(Problem to work on): Scan the entries below, and for each line that includes the word "thesis", make a copy.

(Records shown):

lemma greedy_bij_betw_few_differences:
  fixes \<phi> :: "'b \<Rightarrow> 'a::{group_add,finite}"
  assumes "inj_on \<phi> A" "finite A" "card R = card A"
    and "card A * j \<le> card (UNIV :: 'a set)" "1 \<le> j"
  shows "\<exists>h. bij_betw h A R \<and>
    card ((\<lambda>x. \<phi> x - h x) ` A) \<le> d + card (UNIV :: 'a set) div (j + d)"
  using assms
proof (induction d arbitrary: A R j)
  case 0
  obtain h where "bij_betw h A R"
    using finite_same_card_bij[of A R] "0.prems"(2,3) by auto
  moreover have "card ((\<lambda>x. \<phi> x - h x) ` A) \<le> card A"
    using \<open>finite A\<close> by (rule card_image_le)
  moreover have "card A \<le> card (UNIV :: 'a set) div j"
    using "0.prems"(4,5) by (simp add: less_eq_div_iff_mult_less_eq)
  ultimately show ?case by auto
next
  case (Suc d)
  obtain A' R' where "A' \<subseteq> A" "card R' = card A'"
    and shrink: "card A * card A \<le> (card A - card A') * card (UNIV :: 'a set)"
    and extend: "\<And>h'. bij_betw h' A' R' \<Longrightarrow>
      \<exists>h. bij_betw h A R \<and> card ((\<lambda>x. \<phi> x - h x) ` A) \<le> Suc (card ((\<lambda>x. \<phi> x - h' x) ` A'))"
    using greedy_shift_step[OF Suc.prems(1-3)] by blast
  have "card A' * (j + 1) \<le> card (UNIV :: 'a set)"
    using greedy_remainder_le[OF _ shrink Suc.prems(4,5)] \<open>A' \<subseteq> A\<close> \<open>finite A\<close> by (simp add: card_mono)
  then obtain h' where "bij_betw h' A' R'"
    and "card ((\<lambda>x. \<phi> x - h' x) ` A') \<le> d + card (UNIV :: 'a set) div (j + 1 + d)"
    using Suc.IH[of A' R' "j + 1"] Suc.prems(1,2) \<open>A' \<subseteq> A\<close> \<open>card R' = card A'\<close>
    by (auto intro: inj_on_subset finite_subset)
  then show ?case using extend by fastforce
qed

lemma pres_le_num_values:
  fixes f h :: "'a::{group_add,finite} \<Rightarrow> 'a"
  assumes "bij h"
  shows "pres f \<le> num_values (\<lambda>x. f x - h x)"
proof -
  have "{num_values (\<lambda>x. f x - h x) | h. bij h} \<subseteq> {..card (UNIV :: 'a set)}"
    by (auto simp: num_values_def card_mono)
  then have "finite {num_values (\<lambda>x. f x - h x) | h. bij h}"
    by (rule finite_subset) simp
  then show ?thesis unfolding pres_def using assms by (intro Min_le) auto
qed

lemma pres_le_Suc_on_complement:
  fixes f h :: "'a::{group_add,finite} \<Rightarrow> 'a"
  assumes "inj_on f B" and h: "bij_betw h (-B) (-(f ` B))"
  shows "pres f \<le> Suc (card ((\<lambda>x. f x - h x) ` (-B)))"
proof -
  define g where "g x = (if x \<in> B then f x else h x)" for x
  have "bij_betw g B (f ` B)"
    using \<open>inj_on f B\<close> by (simp add: bij_betw_def g_def inj_on_def)
  moreover have "bij_betw g (-B) (-(f ` B))"
    using h by (rule bij_betw_cong[THEN iffD1, rotated]) (simp add: g_def)
  ultimately have "bij_betw g (B \<union> -B) (f ` B \<union> -(f ` B))"
    by (rule bij_betw_combine) simp
  then have "bij g" by simp
  have "range (\<lambda>x. f x - g x) \<subseteq> insert 0 ((\<lambda>x. f x - h x) ` (-B))"
    by (auto simp: g_def)
  then have "num_values (\<lambda>x. f x - g x) \<le> card (insert 0 ((\<lambda>x. f x - h x) ` (-B)))"
    unfolding num_values_def by (intro card_mono) simp_all
  also have "\<dots> \<le> Suc (card ((\<lambda>x. f x - h x) ` (-B)))"
    by (simp add: card_insert_if)
  finally show ?thesis using pres_le_num_values[OF \<open>bij g\<close>, of f] by linarith
qed

lemma two_to_one_split:
  fixes f :: "'a \<Rightarrow> 'b"
  assumes "two_to_one f"
  obtains B where "inj_on f B" "inj_on f (-B)" "f ` B = range f" "f ` (-B) = range f"
proof
  have fibre: "card (f -` {y}) = 2" if "y \<in> range f" for y
    using assms that unfolding two_to_one_def by blast
  define B where "B = inv f ` range f"
  have f_inv: "f (inv f y) = y" if "y \<in> range f" for y
    using that by (rule f_inv_into_f)
  show "inj_on f B"
    by (auto simp: B_def inj_on_def f_inv)
  show "f ` B = range f"
    by (auto simp: B_def image_image f_inv)
  show "inj_on f (-B)"
  proof (rule inj_onI, rule ccontr)
    fix x1 x2 assume "x1 \<in> -B" "x2 \<in> -B" "f x1 = f x2" "x1 \<noteq> x2"
    moreover have "inv f (f x1) \<in> B" by (simp add: B_def)
    ultimately have "card {x1, x2, inv f (f x1)} = 3" by (auto simp: card_insert_if)
    moreover have "{x1, x2, inv f (f x1)} \<subseteq> f -` {f x1}"
      using \<open>f x1 = f x2\<close> by (auto simp: f_inv)
    then have "card {x1, x2, inv f (f x1)} \<le> 2"
      using fibre[of "f x1"] card_mono[of "f -` {f x1}"] by (metis card.infinite rangeI zero_neq_numeral)
    ultimately show False by simp
  qed
  show "f ` (-B) = range f"
  proof (intro subset_antisym subsetI)
    fix y assume "y \<in> range f"
    then obtain u v where "f -` {y} = {u, v}" "u \<noteq> v"
      using fibre[of y] by (auto simp: card_2_iff)
    then obtain x where "f x = y" "x \<noteq> inv f y"
      by (metis insertI1 insertI2 vimage_singleton_eq)
    moreover have "x \<notin> B"
      using \<open>f x = y\<close> \<open>x \<noteq> inv f y\<close> by (auto simp: B_def f_inv)
    ultimately show "y \<in> f ` (-B)" by auto
  qed auto
qed

lemma two_to_one_card_UNIV:
  fixes f :: "'a::finite \<Rightarrow> 'b"
  assumes "two_to_one f"
  shows "card (UNIV :: 'a set) = 2 * card (range f)"
proof -
  obtain B where "inj_on f B" "inj_on f (-B)" "f ` B = range f" "f ` (-B) = range f"
    using two_to_one_split[OF assms] by blast
  then have "card B = card (range f)" "card (-B) = card (range f)"
    by (metis card_image)+
  moreover have "card B + card (-B) = card (UNIV :: 'a set)"
    using card_Un_disjoint[of B "-B"] by simp
  ultimately show ?thesis by simp
qed

lemma two_to_one_half:
  fixes f :: "'a::{group_add,finite} \<Rightarrow> 'a"
  assumes "two_to_one f"
  obtains A where "inj_on f A" "card A * 2 = card (UNIV :: 'a set)"
    and "card (-(f ` A)) = card A"
    and "\<And>h. bij_betw h A (-(f ` A)) \<Longrightarrow> pres f \<le> Suc (card ((\<lambda>x. f x - h x) ` A))"
proof -
  obtain B where B: "inj_on f B" "inj_on f (-B)" "f ` B = range f" "f ` (-B) = range f"
    using two_to_one_split[OF assms] by blast
  have "card (-B) = card (range f)"
    using B(2,4) by (metis card_image)
  moreover have "card (-(f ` (-B))) = card (UNIV :: 'a set) - card (range f)"
    using B(4) by (simp add: Compl_eq_Diff_UNIV card_Diff_subset)
  ultimately show ?thesis
    using that[of "-B"] B two_to_one_card_UNIV[OF assms] pres_le_Suc_on_complement[OF B(1)]
    by auto
qed

lemma pres_two_to_one_le:
  fixes f :: "'a::{group_add,finite} \<Rightarrow> 'a"
  assumes "two_to_one f" "2 \<le> s"
  shows "pres f \<le> s - 1 + card (UNIV :: 'a set) div s"
proof -
  obtain A where "inj_on f A" "card A * 2 = card (UNIV :: 'a set)" "card (-(f ` A)) = card A"
    and pres_le: "\<And>h. bij_betw h A (-(f ` A)) \<Longrightarrow> pres f \<le> Suc (card ((\<lambda>x. f x - h x) ` A))"
    using two_to_one_half[OF assms(1)] by blast
  then obtain h where "bij_betw h A (-(f ` A))"
    and bound: "card ((\<lambda>x. f x - h x) ` A) \<le> (s - 2) + card (UNIV :: 'a set) div (2 + (s - 2))"
    using greedy_bij_betw_few_differences[of f A "-(f ` A)" 2 "s - 2"] by auto
  have "2 + (s - 2) = s" using assms(2) by simp
  then show ?thesis
    using pres_le[OF \<open>bij_betw h A (-(f ` A))\<close>] bound by simp
qed

lemma pres_two_to_one_le_sharp:
  fixes f :: "'a::{group_add,finite} \<Rightarrow> 'a"
  assumes "two_to_one f" "4 \<le> s"
  shows "pres f \<le> s - 2 + card (UNIV :: 'a set) div s"
proof -
  obtain A where "inj_on f A" "card A * 2 = card (UNIV :: 'a set)" "card (-(f ` A)) = card A"
    and pres_le: "\<And>h. bij_betw h A (-(f ` A)) \<Longrightarrow> pres f \<le> Suc (card ((\<lambda>x. f x - h x) ` A))"
    using two_to_one_half[OF assms(1)] by blast
  then obtain A' R' where "A' \<subseteq> A" "card R' = card A'"
    and shrink: "card A * card A \<le> (card A - card A') * card (UNIV :: 'a set)"
    and extend: "\<And>h'. bij_betw h' A' R' \<Longrightarrow>
      \<exists>h. bij_betw h A (-(f ` A)) \<and> card ((\<lambda>x. f x - h x) ` A) \<le> Suc (card ((\<lambda>x. f x - h' x) ` A'))"
    using greedy_shift_step[OF \<open>inj_on f A\<close> finite] by blast
  have "card A' * 4 \<le> card (UNIV :: 'a set)"
    using greedy_remainder_le_quarter[OF _ shrink] \<open>A' \<subseteq> A\<close> by (simp add: card_mono)
  then obtain h' where "bij_betw h' A' R'"
    and bound: "card ((\<lambda>x. f x - h' x) ` A') \<le> (s - 4) + card (UNIV :: 'a set) div (4 + (s - 4))"
    using greedy_bij_betw_few_differences[of f A' R' 4 "s - 4"] \<open>inj_on f A\<close> \<open>A' \<subseteq> A\<close> \<open>card R' = card A'\<close>
    by (auto intro: inj_on_subset)
  obtain h where "bij_betw h A (-(f ` A))"
    and "card ((\<lambda>x. f x - h x) ` A) \<le> Suc (card ((\<lambda>x. f x - h' x) ` A'))"
    using extend[OF \<open>bij_betw h' A' R'\<close>] by blast
  moreover have "4 + (s - 4) = s" using assms(2) by simp
  ultimately show ?thesis
    using pres_le bound by fastforce
qed

lemma pres_two_to_one_card_four:
  fixes f :: "'a::{group_add,finite} \<Rightarrow> 'a"
  assumes "two_to_one f" "card (UNIV :: 'a set) = 4"
  shows "pres f \<le> 2"
proof -
  obtain A where "inj_on f A" "card A * 2 = card (UNIV :: 'a set)" "card (-(f ` A)) = card A"
    and pres_le: "\<And>h. bij_betw h A (-(f ` A)) \<Longrightarrow> pres f \<le> Suc (card ((\<lambda>x. f x - h x) ` A))"
    using two_to_one_half[OF assms(1)] by blast
  then have "card (f ` A) = 2"
    using assms(2) by (simp add: card_image)
  then obtain y1 y2 where Y: "f ` A = {y1, y2}"
    by (auto simp: card_2_iff)
  have "card {0, y1 - y2, y2 - y1} < card (UNIV :: 'a set)"
    using assms(2) card_insert_le[of "{y1 - y2, y2 - y1}"] by (simp add: card_insert_if)
  then have "{0, y1 - y2, y2 - y1} \<noteq> UNIV"
    by auto
  then obtain e where e: "e \<notin> {0, y1 - y2, y2 - y1}"
    by blast
  have "-e + f x \<notin> f ` A" if "x \<in> A" for x
  proof
    assume "-e + f x \<in> f ` A"
    then have "f x \<in> {y1, y2}" "-e + f x \<in> {y1, y2}"
      using Y \<open>x \<in> A\<close> by auto
    moreover have "a - b \<in> {0, y1 - y2, y2 - y1}" if "a \<in> {y1, y2}" "b \<in> {y1, y2}" for a b
      using that by auto
    ultimately have "f x - (-e + f x) \<in> {0, y1 - y2, y2 - y1}"
      by blast
    then show False
      using e by (simp only: diff_minus_add_cancel)
  qed
  then have shift: "(\<lambda>x. -e + f x) ` A \<subseteq> -(f ` A)"
    by auto
  moreover have "card ((\<lambda>x. -e + f x) ` A) = card (-(f ` A))"
    using \<open>inj_on f A\<close> \<open>card (-(f ` A)) = card A\<close>
    by (simp add: card_image inj_on_def)
  ultimately have "(\<lambda>x. -e + f x) ` A = -(f ` A)"
    by (intro card_subset_eq) simp_all
  then have "bij_betw id (A - A) (-(f ` A) - (\<lambda>x. -e + f x) ` A)"
    by simp
  then obtain h where "bij_betw h A (-(f ` A))" and "(\<lambda>x. f x - h x) ` A \<subseteq> {e}"
    using bij_betw_extend_by_shift[OF \<open>inj_on f A\<close> subset_refl shift] by auto
  then have "card ((\<lambda>x. f x - h x) ` A) \<le> card {e}"
    by (intro card_mono) simp_all
  then show ?thesis
    using pres_le[OF \<open>bij_betw h A (-(f ` A))\<close>] by simp
qed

(Task answer):
  then show ?thesis unfolding pres_def using assms by (intro Min_le) auto
  finally show ?thesis using pres_le_num_values[OF \<open>bij g\<close>, of f] by linarith
  ultimately show ?thesis by simp
  ultimately show ?thesis
  then show ?thesis
  ultimately show ?thesis
  then show ?thesis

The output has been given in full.